* _Task description_: Check every line of the records below for the string "metis" and copy the ones that have it.

:: Extracted information

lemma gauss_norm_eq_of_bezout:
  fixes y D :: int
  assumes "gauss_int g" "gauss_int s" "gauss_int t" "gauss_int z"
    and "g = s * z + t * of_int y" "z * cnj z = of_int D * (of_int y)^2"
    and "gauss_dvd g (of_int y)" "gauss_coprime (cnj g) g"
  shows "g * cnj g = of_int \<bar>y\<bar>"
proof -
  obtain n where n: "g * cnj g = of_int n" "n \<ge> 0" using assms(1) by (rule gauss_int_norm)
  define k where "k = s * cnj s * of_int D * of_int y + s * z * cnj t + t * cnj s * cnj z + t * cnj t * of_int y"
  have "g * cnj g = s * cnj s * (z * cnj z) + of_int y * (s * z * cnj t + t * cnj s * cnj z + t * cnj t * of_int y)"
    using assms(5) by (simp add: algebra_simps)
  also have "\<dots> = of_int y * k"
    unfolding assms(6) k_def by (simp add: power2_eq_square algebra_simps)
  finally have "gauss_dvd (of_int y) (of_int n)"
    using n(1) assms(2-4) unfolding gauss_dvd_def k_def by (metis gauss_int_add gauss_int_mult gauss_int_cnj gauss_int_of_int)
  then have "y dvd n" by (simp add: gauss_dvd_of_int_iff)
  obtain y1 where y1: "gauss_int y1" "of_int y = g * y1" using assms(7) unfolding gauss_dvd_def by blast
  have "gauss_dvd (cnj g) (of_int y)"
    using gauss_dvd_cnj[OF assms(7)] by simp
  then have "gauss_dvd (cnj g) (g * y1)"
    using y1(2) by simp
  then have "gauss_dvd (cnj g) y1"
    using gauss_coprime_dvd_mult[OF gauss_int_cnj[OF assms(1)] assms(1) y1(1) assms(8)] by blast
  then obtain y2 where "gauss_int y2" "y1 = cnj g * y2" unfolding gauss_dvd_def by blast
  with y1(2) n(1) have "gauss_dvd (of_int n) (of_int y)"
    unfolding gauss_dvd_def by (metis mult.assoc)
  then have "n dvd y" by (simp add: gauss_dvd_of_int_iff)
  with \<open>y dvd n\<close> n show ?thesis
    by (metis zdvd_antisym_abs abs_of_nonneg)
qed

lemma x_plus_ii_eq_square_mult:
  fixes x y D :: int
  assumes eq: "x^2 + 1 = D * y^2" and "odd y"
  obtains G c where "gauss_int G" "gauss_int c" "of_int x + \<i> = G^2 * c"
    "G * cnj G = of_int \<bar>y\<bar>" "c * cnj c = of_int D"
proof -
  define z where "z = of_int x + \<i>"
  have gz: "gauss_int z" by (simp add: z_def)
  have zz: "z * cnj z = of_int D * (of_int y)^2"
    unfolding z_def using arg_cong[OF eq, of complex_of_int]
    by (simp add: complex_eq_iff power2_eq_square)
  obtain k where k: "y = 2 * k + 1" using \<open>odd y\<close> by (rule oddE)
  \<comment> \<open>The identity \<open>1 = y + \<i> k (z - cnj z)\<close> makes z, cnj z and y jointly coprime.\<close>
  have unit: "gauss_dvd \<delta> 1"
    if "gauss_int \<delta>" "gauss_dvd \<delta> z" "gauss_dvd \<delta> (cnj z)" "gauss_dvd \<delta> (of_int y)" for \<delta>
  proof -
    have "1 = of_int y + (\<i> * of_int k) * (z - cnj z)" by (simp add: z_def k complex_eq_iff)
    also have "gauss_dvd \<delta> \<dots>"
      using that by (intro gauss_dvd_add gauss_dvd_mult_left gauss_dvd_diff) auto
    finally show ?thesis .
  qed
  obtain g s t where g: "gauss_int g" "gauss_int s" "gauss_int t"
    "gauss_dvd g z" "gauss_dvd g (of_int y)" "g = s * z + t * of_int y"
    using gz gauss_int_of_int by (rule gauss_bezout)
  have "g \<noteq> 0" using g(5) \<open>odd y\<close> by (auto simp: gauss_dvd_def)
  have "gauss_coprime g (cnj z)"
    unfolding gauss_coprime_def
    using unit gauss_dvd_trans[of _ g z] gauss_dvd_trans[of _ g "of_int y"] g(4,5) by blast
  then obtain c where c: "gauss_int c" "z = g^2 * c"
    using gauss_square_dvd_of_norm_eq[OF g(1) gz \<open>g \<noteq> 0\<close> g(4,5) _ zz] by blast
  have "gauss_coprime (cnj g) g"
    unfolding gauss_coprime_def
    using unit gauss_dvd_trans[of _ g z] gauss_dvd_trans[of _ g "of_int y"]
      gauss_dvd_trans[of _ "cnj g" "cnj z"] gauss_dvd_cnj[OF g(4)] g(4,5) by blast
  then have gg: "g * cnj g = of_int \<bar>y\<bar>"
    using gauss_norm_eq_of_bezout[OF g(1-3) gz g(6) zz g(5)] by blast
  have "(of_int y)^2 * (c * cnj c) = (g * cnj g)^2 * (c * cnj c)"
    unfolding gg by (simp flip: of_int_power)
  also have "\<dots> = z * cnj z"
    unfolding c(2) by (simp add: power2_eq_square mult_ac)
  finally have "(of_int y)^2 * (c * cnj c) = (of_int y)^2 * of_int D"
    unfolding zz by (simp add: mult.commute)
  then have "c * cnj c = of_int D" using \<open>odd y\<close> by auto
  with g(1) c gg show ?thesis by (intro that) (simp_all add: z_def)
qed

::::
:: Extracted information

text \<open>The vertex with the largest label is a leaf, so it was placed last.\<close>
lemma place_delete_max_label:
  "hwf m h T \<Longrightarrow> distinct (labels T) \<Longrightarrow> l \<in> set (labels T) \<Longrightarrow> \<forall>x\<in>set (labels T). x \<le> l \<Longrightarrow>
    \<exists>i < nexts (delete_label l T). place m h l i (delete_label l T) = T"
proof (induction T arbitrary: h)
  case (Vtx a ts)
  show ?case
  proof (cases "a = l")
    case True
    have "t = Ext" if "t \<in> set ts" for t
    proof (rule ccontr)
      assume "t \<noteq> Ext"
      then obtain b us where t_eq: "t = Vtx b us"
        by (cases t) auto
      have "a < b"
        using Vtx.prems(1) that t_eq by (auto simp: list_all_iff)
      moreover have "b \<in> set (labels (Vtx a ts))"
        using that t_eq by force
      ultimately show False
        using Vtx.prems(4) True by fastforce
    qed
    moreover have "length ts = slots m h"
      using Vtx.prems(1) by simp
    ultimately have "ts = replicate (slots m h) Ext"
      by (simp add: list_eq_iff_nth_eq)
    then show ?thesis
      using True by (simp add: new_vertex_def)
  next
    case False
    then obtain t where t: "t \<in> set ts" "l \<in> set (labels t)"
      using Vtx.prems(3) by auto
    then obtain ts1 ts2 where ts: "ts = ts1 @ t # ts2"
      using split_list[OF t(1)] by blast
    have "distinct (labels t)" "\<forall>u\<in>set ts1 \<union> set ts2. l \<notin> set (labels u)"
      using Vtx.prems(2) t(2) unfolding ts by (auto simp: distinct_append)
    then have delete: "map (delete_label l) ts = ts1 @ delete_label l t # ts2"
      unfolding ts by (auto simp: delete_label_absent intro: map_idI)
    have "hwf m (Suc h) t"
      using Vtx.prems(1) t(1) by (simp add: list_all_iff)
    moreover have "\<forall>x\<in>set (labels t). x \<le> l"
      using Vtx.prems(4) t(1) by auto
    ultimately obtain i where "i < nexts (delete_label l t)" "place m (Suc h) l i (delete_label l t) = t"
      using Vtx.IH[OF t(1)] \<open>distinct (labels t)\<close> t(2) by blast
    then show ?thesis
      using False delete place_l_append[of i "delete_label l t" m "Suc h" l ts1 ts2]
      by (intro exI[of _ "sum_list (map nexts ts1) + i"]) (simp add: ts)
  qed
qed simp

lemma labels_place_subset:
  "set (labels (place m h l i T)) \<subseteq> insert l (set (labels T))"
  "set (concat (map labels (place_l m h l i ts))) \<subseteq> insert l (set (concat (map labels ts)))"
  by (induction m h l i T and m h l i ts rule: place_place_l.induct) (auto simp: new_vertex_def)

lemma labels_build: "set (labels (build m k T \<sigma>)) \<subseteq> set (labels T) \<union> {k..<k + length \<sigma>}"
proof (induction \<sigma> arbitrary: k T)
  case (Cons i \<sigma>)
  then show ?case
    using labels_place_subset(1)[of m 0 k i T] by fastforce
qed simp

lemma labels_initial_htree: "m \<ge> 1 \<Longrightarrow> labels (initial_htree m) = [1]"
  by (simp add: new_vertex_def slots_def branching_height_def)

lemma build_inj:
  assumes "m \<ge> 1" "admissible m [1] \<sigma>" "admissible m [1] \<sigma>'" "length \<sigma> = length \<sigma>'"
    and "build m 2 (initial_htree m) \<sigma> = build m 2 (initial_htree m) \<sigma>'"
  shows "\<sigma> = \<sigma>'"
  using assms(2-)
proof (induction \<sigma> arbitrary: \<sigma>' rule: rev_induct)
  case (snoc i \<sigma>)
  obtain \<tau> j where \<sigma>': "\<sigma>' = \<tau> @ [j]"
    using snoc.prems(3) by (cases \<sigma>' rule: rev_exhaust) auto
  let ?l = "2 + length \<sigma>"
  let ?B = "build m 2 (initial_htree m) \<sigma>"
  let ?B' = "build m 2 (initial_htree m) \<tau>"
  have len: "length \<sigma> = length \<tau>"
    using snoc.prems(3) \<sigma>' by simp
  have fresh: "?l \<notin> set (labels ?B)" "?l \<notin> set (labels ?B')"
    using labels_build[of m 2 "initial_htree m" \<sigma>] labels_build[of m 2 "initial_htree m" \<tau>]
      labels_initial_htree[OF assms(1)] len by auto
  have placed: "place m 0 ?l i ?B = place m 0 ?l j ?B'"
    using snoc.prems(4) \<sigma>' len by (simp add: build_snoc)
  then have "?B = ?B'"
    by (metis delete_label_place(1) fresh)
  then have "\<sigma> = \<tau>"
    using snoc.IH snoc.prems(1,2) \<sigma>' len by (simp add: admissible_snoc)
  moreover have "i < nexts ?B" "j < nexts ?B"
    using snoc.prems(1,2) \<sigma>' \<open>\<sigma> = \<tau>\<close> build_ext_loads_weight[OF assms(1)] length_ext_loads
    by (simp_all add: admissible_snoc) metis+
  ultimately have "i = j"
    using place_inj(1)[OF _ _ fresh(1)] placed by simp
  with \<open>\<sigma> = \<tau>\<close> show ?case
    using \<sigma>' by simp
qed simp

::::

* _Task result_:
    using n(1) assms(2-4) unfolding gauss_dvd_def k_def by (metis gauss_int_add gauss_int_mult gauss_int_cnj gauss_int_of_int)
    unfolding gauss_dvd_def by (metis mult.assoc)
    by (metis zdvd_antisym_abs abs_of_nonneg)
    by (metis delete_label_place(1) fresh)
    by (simp_all add: admissible_snoc) metis+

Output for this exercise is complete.